[Exercise prompt] Where does the word "cases" occur in the material? Copy each line that has it.

[Record extracts]

+++

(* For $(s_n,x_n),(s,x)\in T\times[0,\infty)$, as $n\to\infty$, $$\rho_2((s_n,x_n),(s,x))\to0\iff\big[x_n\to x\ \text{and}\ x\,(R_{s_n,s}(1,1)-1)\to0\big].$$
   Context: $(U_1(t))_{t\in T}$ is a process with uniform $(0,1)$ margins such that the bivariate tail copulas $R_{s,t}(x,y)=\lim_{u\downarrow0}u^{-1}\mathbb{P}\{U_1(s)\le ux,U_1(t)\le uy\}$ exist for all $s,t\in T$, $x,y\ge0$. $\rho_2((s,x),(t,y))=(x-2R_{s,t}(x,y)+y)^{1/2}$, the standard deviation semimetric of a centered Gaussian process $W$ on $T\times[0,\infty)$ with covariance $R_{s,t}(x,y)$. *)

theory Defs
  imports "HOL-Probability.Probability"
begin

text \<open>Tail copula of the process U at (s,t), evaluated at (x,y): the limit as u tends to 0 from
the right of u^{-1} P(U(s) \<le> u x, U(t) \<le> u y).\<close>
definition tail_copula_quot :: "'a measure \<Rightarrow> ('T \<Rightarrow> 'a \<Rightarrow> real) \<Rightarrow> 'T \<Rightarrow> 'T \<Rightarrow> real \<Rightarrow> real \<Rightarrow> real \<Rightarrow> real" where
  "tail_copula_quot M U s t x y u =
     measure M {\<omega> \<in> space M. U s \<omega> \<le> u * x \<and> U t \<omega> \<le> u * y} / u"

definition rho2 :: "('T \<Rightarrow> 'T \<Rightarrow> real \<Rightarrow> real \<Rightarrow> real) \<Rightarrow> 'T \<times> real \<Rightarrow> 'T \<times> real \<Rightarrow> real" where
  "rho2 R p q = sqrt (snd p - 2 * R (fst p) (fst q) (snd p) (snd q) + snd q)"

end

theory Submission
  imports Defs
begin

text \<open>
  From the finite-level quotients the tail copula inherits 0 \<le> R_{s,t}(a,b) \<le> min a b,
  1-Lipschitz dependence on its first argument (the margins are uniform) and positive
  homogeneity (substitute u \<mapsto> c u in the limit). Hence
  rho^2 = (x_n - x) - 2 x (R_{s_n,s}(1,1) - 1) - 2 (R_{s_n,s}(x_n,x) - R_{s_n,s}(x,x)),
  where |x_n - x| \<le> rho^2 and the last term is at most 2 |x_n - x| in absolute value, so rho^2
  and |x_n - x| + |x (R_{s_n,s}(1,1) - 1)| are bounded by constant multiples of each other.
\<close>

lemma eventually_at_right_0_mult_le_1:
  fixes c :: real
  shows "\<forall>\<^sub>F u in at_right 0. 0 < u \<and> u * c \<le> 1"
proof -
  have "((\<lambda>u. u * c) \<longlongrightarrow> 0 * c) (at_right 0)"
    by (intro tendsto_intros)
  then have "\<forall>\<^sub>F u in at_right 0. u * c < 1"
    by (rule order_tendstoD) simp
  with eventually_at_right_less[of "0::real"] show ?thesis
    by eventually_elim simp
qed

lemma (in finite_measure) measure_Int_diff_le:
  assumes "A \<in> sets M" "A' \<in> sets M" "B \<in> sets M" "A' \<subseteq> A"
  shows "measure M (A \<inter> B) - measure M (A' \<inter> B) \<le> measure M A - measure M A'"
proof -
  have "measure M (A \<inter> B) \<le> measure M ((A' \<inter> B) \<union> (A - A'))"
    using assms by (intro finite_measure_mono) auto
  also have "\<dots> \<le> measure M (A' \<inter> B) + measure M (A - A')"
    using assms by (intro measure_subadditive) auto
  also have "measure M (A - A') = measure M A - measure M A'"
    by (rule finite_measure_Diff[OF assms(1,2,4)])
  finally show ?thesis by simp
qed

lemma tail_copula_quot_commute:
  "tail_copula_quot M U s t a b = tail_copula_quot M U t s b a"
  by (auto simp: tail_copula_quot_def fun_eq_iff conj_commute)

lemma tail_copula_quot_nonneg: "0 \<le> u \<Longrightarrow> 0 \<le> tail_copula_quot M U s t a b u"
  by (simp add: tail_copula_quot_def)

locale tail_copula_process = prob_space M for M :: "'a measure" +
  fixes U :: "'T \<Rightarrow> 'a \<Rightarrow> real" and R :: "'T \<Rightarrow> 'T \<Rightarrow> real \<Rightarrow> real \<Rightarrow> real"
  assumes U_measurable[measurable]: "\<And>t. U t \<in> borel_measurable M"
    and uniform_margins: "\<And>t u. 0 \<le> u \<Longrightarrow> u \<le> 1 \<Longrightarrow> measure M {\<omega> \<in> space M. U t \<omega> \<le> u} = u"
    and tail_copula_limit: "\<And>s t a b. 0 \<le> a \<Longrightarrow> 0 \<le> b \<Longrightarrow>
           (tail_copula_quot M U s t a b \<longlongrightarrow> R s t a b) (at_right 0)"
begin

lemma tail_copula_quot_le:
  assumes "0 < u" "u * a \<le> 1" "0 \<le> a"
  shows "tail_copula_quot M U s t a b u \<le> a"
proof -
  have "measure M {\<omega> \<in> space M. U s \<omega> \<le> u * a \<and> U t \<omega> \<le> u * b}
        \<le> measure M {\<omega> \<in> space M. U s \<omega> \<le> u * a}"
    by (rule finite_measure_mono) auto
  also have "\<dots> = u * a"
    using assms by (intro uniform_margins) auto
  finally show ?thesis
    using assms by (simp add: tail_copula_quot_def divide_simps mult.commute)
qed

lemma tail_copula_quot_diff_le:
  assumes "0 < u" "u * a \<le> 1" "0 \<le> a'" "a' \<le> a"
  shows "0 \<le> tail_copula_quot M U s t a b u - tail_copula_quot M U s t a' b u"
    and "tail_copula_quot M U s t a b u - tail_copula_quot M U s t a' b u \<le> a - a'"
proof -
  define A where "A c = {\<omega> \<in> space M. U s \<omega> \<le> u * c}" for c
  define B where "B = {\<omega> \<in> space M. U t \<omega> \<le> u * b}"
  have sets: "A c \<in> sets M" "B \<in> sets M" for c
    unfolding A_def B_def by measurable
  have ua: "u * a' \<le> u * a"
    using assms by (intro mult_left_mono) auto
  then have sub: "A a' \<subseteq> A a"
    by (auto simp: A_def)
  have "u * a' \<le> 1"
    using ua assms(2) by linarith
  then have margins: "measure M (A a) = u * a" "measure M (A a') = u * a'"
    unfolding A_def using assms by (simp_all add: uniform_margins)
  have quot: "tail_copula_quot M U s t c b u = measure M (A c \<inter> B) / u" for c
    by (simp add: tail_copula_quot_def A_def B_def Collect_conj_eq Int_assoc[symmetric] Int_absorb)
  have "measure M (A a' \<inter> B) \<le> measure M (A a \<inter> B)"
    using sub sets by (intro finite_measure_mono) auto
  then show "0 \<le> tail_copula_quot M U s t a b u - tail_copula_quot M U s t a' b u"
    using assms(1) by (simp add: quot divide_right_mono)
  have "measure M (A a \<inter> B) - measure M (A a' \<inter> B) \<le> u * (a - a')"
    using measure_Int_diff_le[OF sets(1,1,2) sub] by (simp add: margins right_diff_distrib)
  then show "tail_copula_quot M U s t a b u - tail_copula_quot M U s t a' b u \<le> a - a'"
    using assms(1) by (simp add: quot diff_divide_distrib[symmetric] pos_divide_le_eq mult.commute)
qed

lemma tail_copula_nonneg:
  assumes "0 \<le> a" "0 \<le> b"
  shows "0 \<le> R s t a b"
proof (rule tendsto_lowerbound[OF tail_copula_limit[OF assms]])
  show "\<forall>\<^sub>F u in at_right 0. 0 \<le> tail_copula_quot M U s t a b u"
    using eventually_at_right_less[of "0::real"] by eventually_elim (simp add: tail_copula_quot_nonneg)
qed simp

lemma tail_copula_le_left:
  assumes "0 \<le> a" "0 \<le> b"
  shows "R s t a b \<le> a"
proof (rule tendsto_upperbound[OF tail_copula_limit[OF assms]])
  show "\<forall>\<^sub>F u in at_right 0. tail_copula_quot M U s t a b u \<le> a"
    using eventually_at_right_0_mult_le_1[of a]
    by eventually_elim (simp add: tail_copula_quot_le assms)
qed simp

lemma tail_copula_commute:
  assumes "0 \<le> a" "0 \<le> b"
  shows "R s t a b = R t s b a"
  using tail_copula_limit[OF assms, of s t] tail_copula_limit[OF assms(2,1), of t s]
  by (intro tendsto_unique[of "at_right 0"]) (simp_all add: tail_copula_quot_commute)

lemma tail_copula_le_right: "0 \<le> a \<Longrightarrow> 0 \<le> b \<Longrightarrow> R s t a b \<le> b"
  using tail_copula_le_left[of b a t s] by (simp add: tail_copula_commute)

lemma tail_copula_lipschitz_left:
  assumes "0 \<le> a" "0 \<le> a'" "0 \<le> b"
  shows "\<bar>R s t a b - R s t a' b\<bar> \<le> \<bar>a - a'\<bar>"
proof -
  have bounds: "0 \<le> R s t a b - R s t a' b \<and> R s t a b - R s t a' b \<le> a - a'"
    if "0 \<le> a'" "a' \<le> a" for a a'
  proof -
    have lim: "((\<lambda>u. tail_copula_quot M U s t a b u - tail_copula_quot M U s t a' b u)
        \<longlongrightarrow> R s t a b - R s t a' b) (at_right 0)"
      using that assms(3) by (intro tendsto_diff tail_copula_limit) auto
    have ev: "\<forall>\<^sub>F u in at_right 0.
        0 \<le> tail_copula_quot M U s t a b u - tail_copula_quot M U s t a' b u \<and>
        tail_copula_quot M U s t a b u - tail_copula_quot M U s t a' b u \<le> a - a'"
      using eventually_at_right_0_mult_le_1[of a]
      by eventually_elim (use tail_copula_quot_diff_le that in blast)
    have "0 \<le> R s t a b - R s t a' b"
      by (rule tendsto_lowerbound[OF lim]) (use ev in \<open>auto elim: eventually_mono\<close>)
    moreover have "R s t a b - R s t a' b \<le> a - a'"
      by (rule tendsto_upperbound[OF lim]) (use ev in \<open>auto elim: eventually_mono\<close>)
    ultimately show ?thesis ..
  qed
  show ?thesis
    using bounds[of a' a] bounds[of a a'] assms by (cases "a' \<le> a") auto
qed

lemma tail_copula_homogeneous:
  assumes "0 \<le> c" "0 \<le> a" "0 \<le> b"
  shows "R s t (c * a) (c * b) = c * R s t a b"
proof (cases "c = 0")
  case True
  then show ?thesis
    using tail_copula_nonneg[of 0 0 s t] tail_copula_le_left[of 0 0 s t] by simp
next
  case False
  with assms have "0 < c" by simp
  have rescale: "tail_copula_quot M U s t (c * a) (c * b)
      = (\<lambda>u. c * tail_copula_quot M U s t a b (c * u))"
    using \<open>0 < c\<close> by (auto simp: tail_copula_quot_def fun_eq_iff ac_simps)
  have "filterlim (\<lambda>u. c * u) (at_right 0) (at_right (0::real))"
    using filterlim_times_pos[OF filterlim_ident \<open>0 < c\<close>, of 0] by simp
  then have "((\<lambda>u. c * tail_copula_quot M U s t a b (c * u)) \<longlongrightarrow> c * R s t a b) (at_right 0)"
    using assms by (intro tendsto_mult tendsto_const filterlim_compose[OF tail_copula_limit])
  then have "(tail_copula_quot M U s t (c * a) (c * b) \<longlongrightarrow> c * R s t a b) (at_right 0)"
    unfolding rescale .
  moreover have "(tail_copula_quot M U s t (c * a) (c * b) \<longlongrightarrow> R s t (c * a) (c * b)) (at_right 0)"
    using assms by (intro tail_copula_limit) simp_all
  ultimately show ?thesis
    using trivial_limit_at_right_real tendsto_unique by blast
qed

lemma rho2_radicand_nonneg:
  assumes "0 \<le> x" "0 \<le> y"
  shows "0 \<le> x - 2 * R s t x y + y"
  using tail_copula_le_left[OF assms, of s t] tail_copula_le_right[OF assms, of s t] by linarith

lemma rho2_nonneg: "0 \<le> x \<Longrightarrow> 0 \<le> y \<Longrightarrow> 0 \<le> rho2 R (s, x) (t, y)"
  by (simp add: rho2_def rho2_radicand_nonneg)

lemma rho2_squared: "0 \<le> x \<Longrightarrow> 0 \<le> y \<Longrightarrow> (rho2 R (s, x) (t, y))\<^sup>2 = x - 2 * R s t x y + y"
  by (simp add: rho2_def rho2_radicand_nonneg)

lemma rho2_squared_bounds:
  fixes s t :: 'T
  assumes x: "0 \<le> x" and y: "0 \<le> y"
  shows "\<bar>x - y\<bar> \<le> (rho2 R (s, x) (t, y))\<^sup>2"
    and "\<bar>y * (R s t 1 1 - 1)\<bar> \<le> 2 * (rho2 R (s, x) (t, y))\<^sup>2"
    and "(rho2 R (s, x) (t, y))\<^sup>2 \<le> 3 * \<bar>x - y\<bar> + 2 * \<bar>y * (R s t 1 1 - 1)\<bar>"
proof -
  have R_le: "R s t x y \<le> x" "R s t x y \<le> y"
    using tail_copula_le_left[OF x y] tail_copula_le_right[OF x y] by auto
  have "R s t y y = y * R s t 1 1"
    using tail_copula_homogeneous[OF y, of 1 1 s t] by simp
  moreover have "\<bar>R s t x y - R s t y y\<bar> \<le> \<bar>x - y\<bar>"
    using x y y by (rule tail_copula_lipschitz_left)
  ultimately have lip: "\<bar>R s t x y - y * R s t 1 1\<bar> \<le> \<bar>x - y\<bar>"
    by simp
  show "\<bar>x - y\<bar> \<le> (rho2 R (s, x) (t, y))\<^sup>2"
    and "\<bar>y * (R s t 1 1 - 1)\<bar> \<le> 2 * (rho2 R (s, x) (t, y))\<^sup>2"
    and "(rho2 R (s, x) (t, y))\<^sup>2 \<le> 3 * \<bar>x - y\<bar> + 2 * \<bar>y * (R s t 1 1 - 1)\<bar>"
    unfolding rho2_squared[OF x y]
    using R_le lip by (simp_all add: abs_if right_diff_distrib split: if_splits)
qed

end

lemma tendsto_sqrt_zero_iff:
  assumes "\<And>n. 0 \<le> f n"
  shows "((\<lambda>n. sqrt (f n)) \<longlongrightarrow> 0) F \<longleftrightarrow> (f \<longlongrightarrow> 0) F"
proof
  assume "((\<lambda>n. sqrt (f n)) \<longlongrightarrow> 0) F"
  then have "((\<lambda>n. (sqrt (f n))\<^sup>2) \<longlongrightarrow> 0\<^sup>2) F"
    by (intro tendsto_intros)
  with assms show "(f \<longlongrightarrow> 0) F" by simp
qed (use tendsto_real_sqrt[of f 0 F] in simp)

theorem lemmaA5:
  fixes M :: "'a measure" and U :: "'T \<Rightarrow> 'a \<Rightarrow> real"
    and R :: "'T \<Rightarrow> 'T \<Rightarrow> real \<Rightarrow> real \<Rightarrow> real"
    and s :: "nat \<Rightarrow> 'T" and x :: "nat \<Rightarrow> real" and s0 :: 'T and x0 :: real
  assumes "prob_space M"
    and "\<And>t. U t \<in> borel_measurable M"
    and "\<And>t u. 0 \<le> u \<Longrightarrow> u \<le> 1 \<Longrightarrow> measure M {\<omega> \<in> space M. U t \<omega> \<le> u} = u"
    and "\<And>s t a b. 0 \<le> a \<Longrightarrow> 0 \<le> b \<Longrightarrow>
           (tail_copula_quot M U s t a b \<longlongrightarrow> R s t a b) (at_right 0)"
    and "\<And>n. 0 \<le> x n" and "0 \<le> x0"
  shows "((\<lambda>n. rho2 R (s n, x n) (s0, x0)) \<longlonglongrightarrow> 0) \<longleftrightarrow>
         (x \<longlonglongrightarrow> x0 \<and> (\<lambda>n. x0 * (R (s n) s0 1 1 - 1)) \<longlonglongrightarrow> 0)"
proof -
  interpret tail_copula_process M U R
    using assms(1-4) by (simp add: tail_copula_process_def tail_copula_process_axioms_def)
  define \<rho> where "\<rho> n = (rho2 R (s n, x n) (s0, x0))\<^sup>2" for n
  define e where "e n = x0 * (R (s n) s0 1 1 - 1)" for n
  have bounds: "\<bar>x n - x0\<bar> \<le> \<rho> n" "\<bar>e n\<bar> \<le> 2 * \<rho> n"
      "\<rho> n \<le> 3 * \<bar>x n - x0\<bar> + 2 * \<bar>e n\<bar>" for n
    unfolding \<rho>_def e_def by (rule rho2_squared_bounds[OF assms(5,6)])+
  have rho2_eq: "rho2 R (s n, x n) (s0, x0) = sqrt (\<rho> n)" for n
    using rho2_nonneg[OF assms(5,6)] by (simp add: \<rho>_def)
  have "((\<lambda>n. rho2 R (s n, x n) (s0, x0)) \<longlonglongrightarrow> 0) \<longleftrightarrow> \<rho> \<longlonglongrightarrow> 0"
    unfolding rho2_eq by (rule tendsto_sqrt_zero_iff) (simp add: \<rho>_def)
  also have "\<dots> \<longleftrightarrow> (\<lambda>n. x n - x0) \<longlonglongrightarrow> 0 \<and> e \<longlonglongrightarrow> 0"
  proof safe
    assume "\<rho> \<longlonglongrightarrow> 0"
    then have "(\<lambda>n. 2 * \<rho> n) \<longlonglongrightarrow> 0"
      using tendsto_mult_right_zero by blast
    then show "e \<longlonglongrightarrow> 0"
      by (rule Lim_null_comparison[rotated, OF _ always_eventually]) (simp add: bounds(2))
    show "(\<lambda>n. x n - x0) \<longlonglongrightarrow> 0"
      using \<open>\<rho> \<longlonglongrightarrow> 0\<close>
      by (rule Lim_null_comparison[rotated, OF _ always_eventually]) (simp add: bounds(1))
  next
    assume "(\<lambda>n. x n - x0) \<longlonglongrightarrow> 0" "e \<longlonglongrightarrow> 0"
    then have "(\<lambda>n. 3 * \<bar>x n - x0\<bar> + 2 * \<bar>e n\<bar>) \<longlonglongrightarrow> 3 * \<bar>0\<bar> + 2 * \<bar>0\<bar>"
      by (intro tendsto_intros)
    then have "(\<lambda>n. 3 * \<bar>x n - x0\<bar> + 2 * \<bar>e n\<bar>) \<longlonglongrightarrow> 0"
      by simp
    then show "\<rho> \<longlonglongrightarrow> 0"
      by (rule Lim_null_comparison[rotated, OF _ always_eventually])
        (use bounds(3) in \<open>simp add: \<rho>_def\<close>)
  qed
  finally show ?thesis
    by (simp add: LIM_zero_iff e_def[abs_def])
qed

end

+++

[Response area]
    using bounds[of a' a] bounds[of a a'] assms by (cases "a' \<le> a") auto
proof (cases "c = 0")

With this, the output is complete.